BLM unwinds duplex substrates with a 3′ DNA overhang but not those with a 3′ RNA overhang. (A) The purity of BLM protein was determined using electrophoresis with 8% SDS–PAGE gels and staining with SYPRO Ruby Protein Gel Stain (Sigma). (B) Autoradiographs of representative gels illustrate unwinding activities. BLM (3.8 nm) was incubated with substrate for 0, 2.5, 5, 10, 20 or 30 min at 37°C as described in Materials and Methods. Products were resolved using 12% non-denaturing acrylamide gels. Unwinding is demonstrated by conversion of duplexed substrate to faster migrating single-stranded oligonucleotide. HD is heat-denatured substrate produced by heating to 95°C for 5 min. (C) Kinetics of BLM unwinding of RNA- and DNA-containing substrates. BLM unwinds DNA₂₀:DNA₃₃ and RNA₂₀:DNA₃₃ but does not appreciably unwind DNA₂₀:RNA₃₃ or RNA₂₀:RNA₃₃. Unwinding of each duplex substrate was calculated by comparing the amount of single-stranded substrate produced to the total amount of substrate in the reaction with correction for any un-annealed substrate in zero-time controls.
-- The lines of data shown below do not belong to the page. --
(* There is an absolute constant $c$ such that for every BST $T$ and every set $F$ of $k$ nodes of $T$ containing the root of $T$, the extended hand $E(T,F)$ consists of at most $c\,k$ intervals.
   Context: Let $T$ be a BST and $F$ a set of $k$ nodes (fingers) including the root. $S(T,F)$ is the Steiner tree of $F$ in $T$ (the minimal connected subtree containing $F$). The set of pseudofingers $P(T,F)$ consists of $F$ together with all nodes of degree $3$ in $S(T,F)$. For pseudofingers $x,y$ with $x$ an ancestor of $y$ such that the path between them contains no other pseudofinger, the tendon $\tau_{x,y}$ is the set of nodes strictly between $x$ and $y$ on this path. Its half tendons are $\tau^{<}_{x,y}=\{z\in\tau_{x,y}: z<y\}$ and $\tau^{>}_{x,y}=\{z\in\tau_{x,y}:z>y\}$; $H(T,F)$ is the set of all (nonempty) half tendons. A half tendon $\tau$ is identified with the interval $[\min\tau,\max\tau]$ and a pseudofinger $f$ with $[f,f]$. The extended hand is $E(T,F)=P(T,F)\cup H(T,F)$, viewed as a set of intervals. *)

theory Defs
  imports Main "HOL-Library.Tree"
begin

text \<open>A BST is a tree T :: nat tree with bst T (strictly increasing inorder, so keys are
distinct); nodes are identified with their keys.\<close>

definition nodes :: "nat tree \<Rightarrow> nat set" where
  "nodes T = set_tree T"

definition anc :: "nat tree \<Rightarrow> nat \<Rightarrow> nat \<Rightarrow> bool" where
  "anc T a d \<longleftrightarrow> (\<exists>l r. Node l a r \<in> subtrees T \<and> d \<in> set_tree (Node l a r))"

definition proper_anc :: "nat tree \<Rightarrow> nat \<Rightarrow> nat \<Rightarrow> bool" where
  "proper_anc T a d \<longleftrightarrow> anc T a d \<and> a \<noteq> d"

definition parent :: "nat tree \<Rightarrow> nat \<Rightarrow> nat \<Rightarrow> bool" where
  "parent T p c \<longleftrightarrow> (\<exists>l r. Node l p r \<in> subtrees T \<and>
      ((\<exists>ll rr. l = Node ll c rr) \<or> (\<exists>ll rr. r = Node ll c rr)))"

definition is_root :: "nat tree \<Rightarrow> nat \<Rightarrow> bool" where
  "is_root T x \<longleftrightarrow> (\<exists>l r. T = Node l x r)"

text \<open>w lies on the (unique) tree path between u and v: w is an ancestor-or-self of u or of v,
and every common ancestor of u and v is an ancestor-or-self of w (i.e. w is below the LCA).\<close>
definition on_path :: "nat tree \<Rightarrow> nat \<Rightarrow> nat \<Rightarrow> nat \<Rightarrow> bool" where
  "on_path T u v w \<longleftrightarrow> (anc T w u \<or> anc T w v) \<and>
      (\<forall>a. anc T a u \<and> anc T a v \<longrightarrow> anc T a w)"

text \<open>Steiner tree S(T,F): union of all tree paths between nodes of F (the minimal connected
subtree containing F).\<close>
definition steiner :: "nat tree \<Rightarrow> nat set \<Rightarrow> nat set" where
  "steiner T F = {w. \<exists>u\<in>F. \<exists>v\<in>F. on_path T u v w}"

definition deg_in :: "nat tree \<Rightarrow> nat set \<Rightarrow> nat \<Rightarrow> nat" where
  "deg_in T S w = card {z \<in> S. parent T w z \<or> parent T z w}"

definition pseudofingers :: "nat tree \<Rightarrow> nat set \<Rightarrow> nat set" where
  "pseudofingers T F = F \<union> {w \<in> steiner T F. deg_in T (steiner T F) w = 3}"

definition between :: "nat tree \<Rightarrow> nat \<Rightarrow> nat \<Rightarrow> nat set" where
  "between T x y = {z. proper_anc T x z \<and> proper_anc T z y}"

definition tendon_pair :: "nat tree \<Rightarrow> nat set \<Rightarrow> nat \<Rightarrow> nat \<Rightarrow> bool" where
  "tendon_pair T F x y \<longleftrightarrow> x \<in> pseudofingers T F \<and> y \<in> pseudofingers T F \<and>
      proper_anc T x y \<and> between T x y \<inter> pseudofingers T F = {}"

definition half_tendons :: "nat tree \<Rightarrow> nat set \<Rightarrow> nat set set" where
  "half_tendons T F =
     {h. h \<noteq> {} \<and> (\<exists>x y. tendon_pair T F x y \<and>
          (h = {z \<in> between T x y. z < y} \<or> h = {z \<in> between T x y. z > y}))}"

text \<open>Extended hand as a set of intervals [a,b], represented by pairs (a,b).\<close>
definition extended_hand :: "nat tree \<Rightarrow> nat set \<Rightarrow> (nat \<times> nat) set" where
  "extended_hand T F = (\<lambda>f. (f, f)) ` pseudofingers T F \<union>
                        (\<lambda>h. (Min h, Max h)) ` half_tendons T F"

end

theory Submission
  imports Defs
begin

text \<open>A pseudofinger that is not a finger has degree 3 in the Steiner tree, so both of its
subtrees contain fingers. By induction on the tree, fewer nodes have fingers in both subtrees
than there are fingers, hence there are at most 2k pseudofingers. Since the ancestors of a node
form a chain, a tendon is determined by its lower pseudofinger, so there are at most two half
tendons per pseudofinger and at most 6k intervals in total.\<close>

lemma subtrees_self: "t \<in> subtrees t"
  by (cases t) auto

lemma subtrees_trans: "s \<in> subtrees t \<Longrightarrow> t \<in> subtrees u \<Longrightarrow> s \<in> subtrees u"
  by (induction u) auto

lemma set_tree_subset_if_subtree: "s \<in> subtrees t \<Longrightarrow> set_tree s \<subseteq> set_tree t"
  by (induction t) auto

lemma subtree_at_key_unique:
  "distinct (inorder t) \<Longrightarrow> Node l a r \<in> subtrees t \<Longrightarrow> Node l' a r' \<in> subtrees t
   \<Longrightarrow> l = l' \<and> r = r'"
proof (induction t)
  case (Node L v R)
  then show ?case
    by (cases "a = v") (auto dest: in_set_tree_if)
qed simp

lemma subtrees_nested:
  "distinct (inorder t) \<Longrightarrow> s \<in> subtrees t \<Longrightarrow> s' \<in> subtrees t
   \<Longrightarrow> set_tree s \<inter> set_tree s' \<noteq> {} \<Longrightarrow> s \<in> subtrees s' \<or> s' \<in> subtrees s"
proof (induction t)
  case (Node L v R)
  have "set_tree L \<inter> set_tree R = {}" "v \<notin> set_tree L" "v \<notin> set_tree R"
    using Node.prems(1) by auto
  with Node show ?case
    using set_tree_subset_if_subtree[of s] set_tree_subset_if_subtree[of s'] by auto
qed simp

lemma anc_iff_in_subtree:
  assumes "distinct (inorder T)" and "Node l a r \<in> subtrees T"
  shows "anc T a d \<longleftrightarrow> d \<in> set_tree (Node l a r)"
  using subtree_at_key_unique[OF assms(1) assms(2)] assms(2) unfolding anc_def by blast

lemma anc_linear:
  assumes "distinct (inorder T)" and "anc T a d" and "anc T b d"
  shows "anc T a b \<or> anc T b a"
proof -
  obtain la ra lb rb where a: "Node la a ra \<in> subtrees T" "d \<in> set_tree (Node la a ra)"
    and b: "Node lb b rb \<in> subtrees T" "d \<in> set_tree (Node lb b rb)"
    using assms(2,3) unfolding anc_def by blast
  then have "Node la a ra \<in> subtrees (Node lb b rb) \<or> Node lb b rb \<in> subtrees (Node la a ra)"
    using subtrees_nested[OF assms(1)] by blast
  then show ?thesis
    unfolding anc_def using a(1) b(1) by (metis in_set_tree_if subtrees_trans)
qed

lemma distinct_inorder_subtree:
  "distinct (inorder t) \<Longrightarrow> s \<in> subtrees t \<Longrightarrow> distinct (inorder s)"
  by (induction t) auto

lemma child_has_unique_parent_node:
  assumes T: "distinct (inorder (Node l z r))" and "c \<noteq> Leaf"
    and "c \<in> {l, r}" and "Node l' z' r' \<in> subtrees (Node l z r)" and "c \<in> {l', r'}"
  shows "z' = z"
proof (rule ccontr)
  assume "z' \<noteq> z"
  then obtain s where s: "s \<in> {l, r}" and below: "Node l' z' r' \<in> subtrees s"
    using assms(4) by auto
  have "c \<in> subtrees s"
    using subtrees_trans[OF _ below] assms(5) subtrees_self by auto
  show False
  proof (cases "s = c")
    case True
    have "size (Node l' z' r') \<le> size c"
      using size_subtrees[OF below] True by simp
    then show False
      using assms(5) by auto
  next
    case False
    have "set_tree l \<inter> set_tree r = {}"
      using T by auto
    then have "set_tree c = {}"
      using set_tree_subset_if_subtree[OF \<open>c \<in> subtrees s\<close>] s assms(3) False by blast
    then show False
      using assms(2) by simp
  qed
qed

lemma parent_unique:
  assumes T: "distinct (inorder T)" and "parent T z w" and "parent T z' w"
  shows "z = z'"
proof -
  obtain l r a b where N: "Node l z r \<in> subtrees T" and C: "Node a w b \<in> {l, r}"
    using assms(2) unfolding parent_def by blast
  obtain l' r' a' b' where N': "Node l' z' r' \<in> subtrees T" and C': "Node a' w b' \<in> {l', r'}"
    using assms(3) unfolding parent_def by blast
  have "Node a w b \<in> subtrees (Node l z r)" "Node a' w b' \<in> subtrees (Node l' z' r')"
    using C C' subtrees_self by auto
  then have "a = a' \<and> b = b'"
    using subtree_at_key_unique[OF T] subtrees_trans N N' by blast
  with C' have C': "Node a w b \<in> {l', r'}"
    by simp
  have "w \<in> set_tree (Node l z r) \<inter> set_tree (Node l' z' r')"
    using C C' by auto
  then have "Node l z r \<in> subtrees (Node l' z' r') \<or> Node l' z' r' \<in> subtrees (Node l z r)"
    using subtrees_nested[OF T N N'] by blast
  then show ?thesis
    using child_has_unique_parent_node[OF distinct_inorder_subtree[OF T N] _ C _ C']
      child_has_unique_parent_node[OF distinct_inorder_subtree[OF T N'] _ C' _ C]
    by blast
qed

definition branching_nodes :: "'a tree \<Rightarrow> 'a set \<Rightarrow> 'a set" where
  "branching_nodes t F =
     {w. \<exists>l r. Node l w r \<in> subtrees t \<and> set_tree l \<inter> F \<noteq> {} \<and> set_tree r \<inter> F \<noteq> {}}"

lemma branching_nodes_Leaf [simp]: "branching_nodes Leaf F = {}"
  by (simp add: branching_nodes_def)

lemma branching_nodes_Node [simp]:
  "branching_nodes (Node l v r) F = branching_nodes l F \<union> branching_nodes r F \<union>
     (if set_tree l \<inter> F \<noteq> {} \<and> set_tree r \<inter> F \<noteq> {} then {v} else {})"
  unfolding branching_nodes_def using set_tree_subset_if_subtree by (auto; blast)

lemma branching_nodes_subset: "branching_nodes t F \<subseteq> set_tree t"
  by (induction t) auto

lemma branching_nodes_disjoint: "set_tree t \<inter> F = {} \<Longrightarrow> branching_nodes t F = {}"
  by (induction t) auto

lemma card_branching_nodes_less:
  "distinct (inorder t) \<Longrightarrow> set_tree t \<inter> F \<noteq> {} \<Longrightarrow>
   card (branching_nodes t F) < card (set_tree t \<inter> F)"
proof (induction t)
  case (Node l v r)
  have "card (set_tree l \<inter> F) + card (set_tree r \<inter> F) = card (set_tree l \<inter> F \<union> set_tree r \<inter> F)"
    using Node.prems(1) by (intro card_Un_disjoint[symmetric]) auto
  also have "\<dots> \<le> card (set_tree (Node l v r) \<inter> F)"
    by (intro card_mono) auto
  finally have fingers:
    "card (set_tree l \<inter> F) + card (set_tree r \<inter> F) \<le> card (set_tree (Node l v r) \<inter> F)" .
  have "finite (branching_nodes t F)" for t
    using finite_subset[OF branching_nodes_subset] by simp
  then have branching: "card (branching_nodes (Node l v r) F)
      \<le> card (branching_nodes l F) + card (branching_nodes r F) + 1"
    using card_Un_le[of "branching_nodes l F" "branching_nodes r F"] by (simp add: card_insert_if)
  show ?case
    using Node fingers branching by (cases "set_tree l \<inter> F = {}"; cases "set_tree r \<inter> F = {}")
      (auto simp: branching_nodes_disjoint)
qed simp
Percent unwinding is graphed as a function of time.

Figure 5.

BLM binds to DNA₂₀:DNA₃₃ and RNA₂₀:DNA₃₃, and less strongly to DNA₂₀:RNA₃₃ and RNA₂₀:RNA₃₃ duplexes. (A) Purified BLM (0, 11, 15, 23, 30, 38, 56, 75, 110 nm) was incubated with ³²P-labeled substrates as described in Materials and methods. Reactions were separated using acrylamide gel electrophoresis and analyzed using ImageQuant software. Duplexes bound by BLM migrate more slowly (open circles) than unbound duplexes (asterisk). (B) Binding of each duplex was calculated by comparing the amount of bound complex to the total amount of duplex in the reaction. Percent binding is graphed as a function of BLM concentration. (C) Purified BLM (0, 13.3, 29, 40 and 55 nm) was incubated with ³²P-labeled single-stranded DNA₄₆ or RNA₄₆ as described in Materials and Methods. Reactions were separated using 1% agarose gels that were dried and analyzed. Substrate bound by BLM migrates more slowly (open circles) than unbound substrate (asterisk).

Figure 6.

Model for the role of BLM in rRNA transcription. During RNA polymerase I-mediated 45S rRNA transcription, RNA–DNA hybrids may form between the nascent rRNA transcript and the template rDNA (28). We propose that BLM unwinds the RNA–DNA hybrid so that transcription and replication proceed unaffected. In the absence of BLM, the RNA–DNA hybrid may remain unresolved resulting in retardation of further rRNA transcription, stalling of transcription and replication forks, and the induction of recombination within the rDNA (37).